WHAT NEEDS TO BE DONE
Would you return every line of the listing below that has "tinv" in it?

PROVIDED RECORDS
record ('a,'q,'t) kat_aut =
  states :: "'q set"
  trans :: "'q \<Rightarrow> 't set \<Rightarrow> ('a,'q) res"
  init :: "'t set \<Rightarrow> ('a,'q) res"

definition res_ok :: "'a set \<Rightarrow> 'q set \<Rightarrow> ('a,'q) res \<Rightarrow> bool" where
  "res_ok \<Sigma> Q r = (\<forall>p q. r = Step p q \<longrightarrow> p \<in> \<Sigma> \<and> q \<in> Q)"

definition wf_aut :: "'a set \<Rightarrow> 't set \<Rightarrow> ('a,'q,'t) kat_aut \<Rightarrow> bool" where
  "wf_aut \<Sigma> T A = (finite (states A)
     \<and> (\<forall>\<alpha>\<in>atoms T. res_ok \<Sigma> (states A) (init A \<alpha>))
     \<and> (\<forall>q\<in>states A. \<forall>\<alpha>\<in>atoms T. res_ok \<Sigma> (states A) (trans A q \<alpha>)))"

inductive lang_from :: "'t set \<Rightarrow> ('q \<Rightarrow> 't set \<Rightarrow> ('a,'q) res)
    \<Rightarrow> ('t set \<Rightarrow> ('a,'q) res) \<Rightarrow> ('a,'t) gstring \<Rightarrow> bool"
  for T \<delta> where
  acc: "\<alpha> \<in> atoms T \<Longrightarrow> \<gamma> \<alpha> = Accept \<Longrightarrow> lang_from T \<delta> \<gamma> (\<alpha>, [])"
| step: "\<alpha> \<in> atoms T \<Longrightarrow> \<gamma> \<alpha> = Step p q \<Longrightarrow> lang_from T \<delta> (\<delta> q) w
          \<Longrightarrow> lang_from T \<delta> \<gamma> (\<alpha>, (p, fst w) # snd w)"

definition lang :: "'t set \<Rightarrow> ('a,'q,'t) kat_aut \<Rightarrow> ('a,'t) gstring set" where
  "lang T A = {w. lang_from T (trans A) (init A) w}"

definition tinv :: "'s set \<Rightarrow> ('s \<Rightarrow> 't bexp) \<Rightarrow> 't set \<Rightarrow> 's set" where
  "tinv T0 tt \<beta> = {t \<in> T0. holds \<beta> (tt t)}"

definition compose_t :: "'s set \<Rightarrow> ('s \<Rightarrow> 't bexp) \<Rightarrow> ('a,'q,'s) kat_aut \<Rightarrow> ('a,'q,'t) kat_aut" where
  "compose_t T0 tt A = \<lparr> states = states A,
      trans = (\<lambda>q \<beta>. trans A q (tinv T0 tt \<beta>)),
      init = (\<lambda>\<beta>. init A (tinv T0 tt \<beta>)) \<rparr>"

text \<open>\<open>hat_rel A s q \<alpha> r\<close>: the terminating computation of \<open>\<delta>^(q,\<alpha>)\<close> yields r.\<close>
inductive hat_rel :: "('b,'q,'t) kat_aut \<Rightarrow> ('b \<Rightarrow> ('c,'r,'t) kat_aut)
    \<Rightarrow> 'q \<Rightarrow> 't set \<Rightarrow> ('b,'q) res \<Rightarrow> bool" for A s where
  h_acc: "trans A q \<alpha> = Accept \<Longrightarrow> hat_rel A s q \<alpha> Accept"
| h_step: "trans A q \<alpha> = Step p q' \<Longrightarrow> init (s p) \<alpha> \<noteq> Accept
            \<Longrightarrow> hat_rel A s q \<alpha> (Step p q')"
| h_skip: "trans A q \<alpha> = Step p q' \<Longrightarrow> init (s p) \<alpha> = Accept
            \<Longrightarrow> hat_rel A s q' \<alpha> r \<Longrightarrow> hat_rel A s q \<alpha> r"

text \<open>Reject when the recursion never terminates or hits reject.\<close>
definition hat_delta :: "('b,'q,'t) kat_aut \<Rightarrow> ('b \<Rightarrow> ('c,'r,'t) kat_aut)
    \<Rightarrow> 'q \<Rightarrow> 't set \<Rightarrow> ('b,'q) res" where
  "hat_delta A s q \<alpha> = (if \<exists>r. hat_rel A s q \<alpha> r then (THE r. hat_rel A s q \<alpha> r) else Reject)"

definition hat_iota :: "('b,'q,'t) kat_aut \<Rightarrow> ('b \<Rightarrow> ('c,'r,'t) kat_aut)
    \<Rightarrow> 't set \<Rightarrow> ('b,'q) res" where
  "hat_iota A s \<alpha> = (case init A \<alpha> of
      Step p q \<Rightarrow> (if init (s p) \<alpha> = Accept then hat_delta A s q \<alpha> else init A \<alpha>)
    | _ \<Rightarrow> init A \<alpha>)"

text \<open>States of the composite: \<open>(p, q_p, q)\<close> encodes the element \<open>(q_p,q)\<close> of the
  p-th summand \<open>Q_p \<times> Q\<close> of the disjoint union.\<close>
definition compose_s :: "'b set \<Rightarrow> ('b \<Rightarrow> ('c,'r,'t) kat_aut) \<Rightarrow> ('b,'q,'t) kat_aut
    \<Rightarrow> ('c, 'b \<times> 'r \<times> 'q, 't) kat_aut" where
  "compose_s \<Sigma>0 s A = \<lparr>
     states = {(p, qp, q). p \<in> \<Sigma>0 \<and> qp \<in> states (s p) \<and> q \<in> states A},
     trans = (\<lambda>(p, qp, q) \<alpha>.
        case trans (s p) qp \<alpha> of
          Step p'' qp' \<Rightarrow> Step p'' (p, qp', q)
        | Accept \<Rightarrow> (case hat_delta A s q \<alpha> of
              Step p' q' \<Rightarrow> (case init (s p') \<alpha> of
                   Step p'' qp' \<Rightarrow> Step p'' (p', qp', q')
                 | _ \<Rightarrow> Reject)
            | Accept \<Rightarrow> Accept
            | Reject \<Rightarrow> Reject)
        | Reject \<Rightarrow> Reject),
     init = (\<lambda>\<alpha>. case hat_iota A s \<alpha> of
          Accept \<Rightarrow> Accept
        | Step p' q \<Rightarrow> (case init (s p') \<alpha> of
              Step p'' qp \<Rightarrow> Step p'' (p', qp, q)
            | _ \<Rightarrow> Reject)
        | Reject \<Rightarrow> Reject) \<rparr>"

definition compose_st :: "'b set \<Rightarrow> 's set \<Rightarrow> ('b \<Rightarrow> ('c,'r,'t) kat_aut) \<Rightarrow> ('s \<Rightarrow> 't bexp)
    \<Rightarrow> ('b,'q,'s) kat_aut \<Rightarrow> ('c, 'b \<times> 'r \<times> 'q, 't) kat_aut" where
  "compose_st \<Sigma>0 T0 s tt A = compose_s \<Sigma>0 s (compose_t T0 tt A)"

text \<open>Actions p_1..p_k are 1..k, states q_1..q_k are 1..k, test t_{i,j} is (i,j).\<close>
definition free_tests :: "nat \<Rightarrow> (nat \<times> nat) set" where
  "free_tests k = {(i, j). i \<le> k \<and> j \<le> k}"

definition free_b :: "nat \<Rightarrow> nat \<Rightarrow> (nat \<times> nat) bexp" where
  "free_b i j = BAnd (BTest (i, j)) (foldr (\<lambda>m b. BAnd (BNot (BTest (i, m))) b) [0..<j] BTrue)"

definition free_gamma :: "nat \<Rightarrow> nat \<Rightarrow> (nat \<times> nat) set \<Rightarrow> (nat, nat) res" where
  "free_gamma k i \<alpha> = (if holds \<alpha> (free_b i 0) then Accept
     else if \<exists>j\<in>{1..k}. holds \<alpha> (free_b i j)
       then (let j = (LEAST j. j \<in> {1..k} \<and> holds \<alpha> (free_b i j)) in Step j j)
     else Reject)"

definition free_aut :: "nat \<Rightarrow> (nat, nat, nat \<times> nat) kat_aut" where
  "free_aut k = \<lparr> states = {1..k}, trans = (\<lambda>i \<alpha>. free_gamma k i \<alpha>),
                  init = free_gamma k 0 \<rparr>"

end

theory Submission
  imports Defs
begin

text \<open>
  Only finitely many pairs \<open>(p, q)\<close> occur as steps \<open>Step p q\<close> of \<open>A\<close>; number them
  \<open>e 1, \<dots>, e n\<close>. State \<open>j\<close> of the free automaton stands for the state \<open>q\<close> of \<open>A\<close>
  entered by action \<open>p\<close>, where \<open>e j = (p, q)\<close>, and state \<open>0\<close> for the start of a run.
  Since \<open>T\<close> is finite, Boolean expressions over \<open>T\<close> define every set of atoms, so the test
  \<open>t\<^sub>i\<^sub>,\<^sub>j\<close> can be interpreted as the set of atoms at which the transition of
  \<open>A\<close> represented by state \<open>i\<close> makes the choice \<open>j\<close> (with \<open>0\<close> meaning accept). At
  every atom exactly one \<open>t\<^sub>i\<^sub>,\<^sub>j\<close> then holds, so the free automaton
  replays the control flow of \<open>A\<close>, and substituting for \<open>p\<^sub>j\<close> the one-step
  automaton for \<open>fst (e j)\<close> restores the actions. No substituted automaton accepts
  immediately, so \<open>hat_delta\<close> coincides with \<open>trans\<close> and the composite simulates \<open>A\<close>
  step by step.
\<close>

definition band_list :: "'t bexp list \<Rightarrow> 't bexp" where
  "band_list bs = foldr BAnd bs BTrue"

definition bor_list :: "'t bexp list \<Rightarrow> 't bexp" where
  "bor_list bs = foldr BOr bs BFalse"

lemma holds_band_list [simp]: "holds \<alpha> (band_list bs) \<longleftrightarrow> (\<forall>b\<in>set bs. holds \<alpha> b)"
  by (induction bs) (auto simp: band_list_def)

lemma holds_bor_list [simp]: "holds \<alpha> (bor_list bs) \<longleftrightarrow> (\<exists>b\<in>set bs. holds \<alpha> b)"
  by (induction bs) (auto simp: bor_list_def)

lemma bvars_band_list [simp]: "bvars (band_list bs) = (\<Union>b\<in>set bs. bvars b)"
  by (induction bs) (auto simp: band_list_def)

lemma bvars_bor_list [simp]: "bvars (bor_list bs) = (\<Union>b\<in>set bs. bvars b)"
  by (induction bs) (auto simp: bor_list_def)

definition atom_bexp :: "'t list \<Rightarrow> 't set \<Rightarrow> 't bexp" where
  "atom_bexp ts \<beta> = band_list (map (\<lambda>t. if t \<in> \<beta> then BTest t else BNot (BTest t)) ts)"

lemma holds_atom_bexp: "holds \<alpha> (atom_bexp ts \<beta>) \<longleftrightarrow> (\<forall>t\<in>set ts. t \<in> \<alpha> \<longleftrightarrow> t \<in> \<beta>)"
  by (induction ts) (auto simp: atom_bexp_def band_list_def)

lemma bvars_atom_bexp [simp]: "bvars (atom_bexp ts \<beta>) = set ts"
  by (auto simp: atom_bexp_def)

lemma bexp_functionally_complete:
  assumes "finite T"
  shows "\<exists>b. bvars b \<subseteq> T \<and> (\<forall>\<alpha>\<in>atoms T. holds \<alpha> b \<longleftrightarrow> P \<alpha>)"
proof -
  obtain ts where ts: "set ts = T"
    using finite_list[OF assms] by blast
  obtain \<beta>s where \<beta>s: "set \<beta>s = {\<beta> \<in> atoms T. P \<beta>}"
    using finite_list[of "{\<beta> \<in> atoms T. P \<beta>}"] assms by (auto simp: atoms_def)
  let ?b = "bor_list (map (atom_bexp ts) \<beta>s)"
  have "holds \<alpha> ?b \<longleftrightarrow> P \<alpha>" if "\<alpha> \<in> atoms T" for \<alpha>
  proof -
    have "holds \<alpha> (atom_bexp ts \<beta>) \<longleftrightarrow> \<alpha> = \<beta>" if "\<beta> \<in> atoms T" for \<beta>
      using \<open>\<alpha> \<in> atoms T\<close> that by (auto simp: holds_atom_bexp ts atoms_def)
    then show ?thesis
      using that by (auto simp: \<beta>s)
  qed
  moreover have "bvars ?b \<subseteq> T"
    by (auto simp: ts)
  ultimately show ?thesis
    by blast
qed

YOUR RESPONSE
definition tinv :: "'s set \<Rightarrow> ('s \<Rightarrow> 't bexp) \<Rightarrow> 't set \<Rightarrow> 's set" where
  "tinv T0 tt \<beta> = {t \<in> T0. holds \<beta> (tt t)}"
      trans = (\<lambda>q \<beta>. trans A q (tinv T0 tt \<beta>)),
      init = (\<lambda>\<beta>. init A (tinv T0 tt \<beta>)) \<rparr>"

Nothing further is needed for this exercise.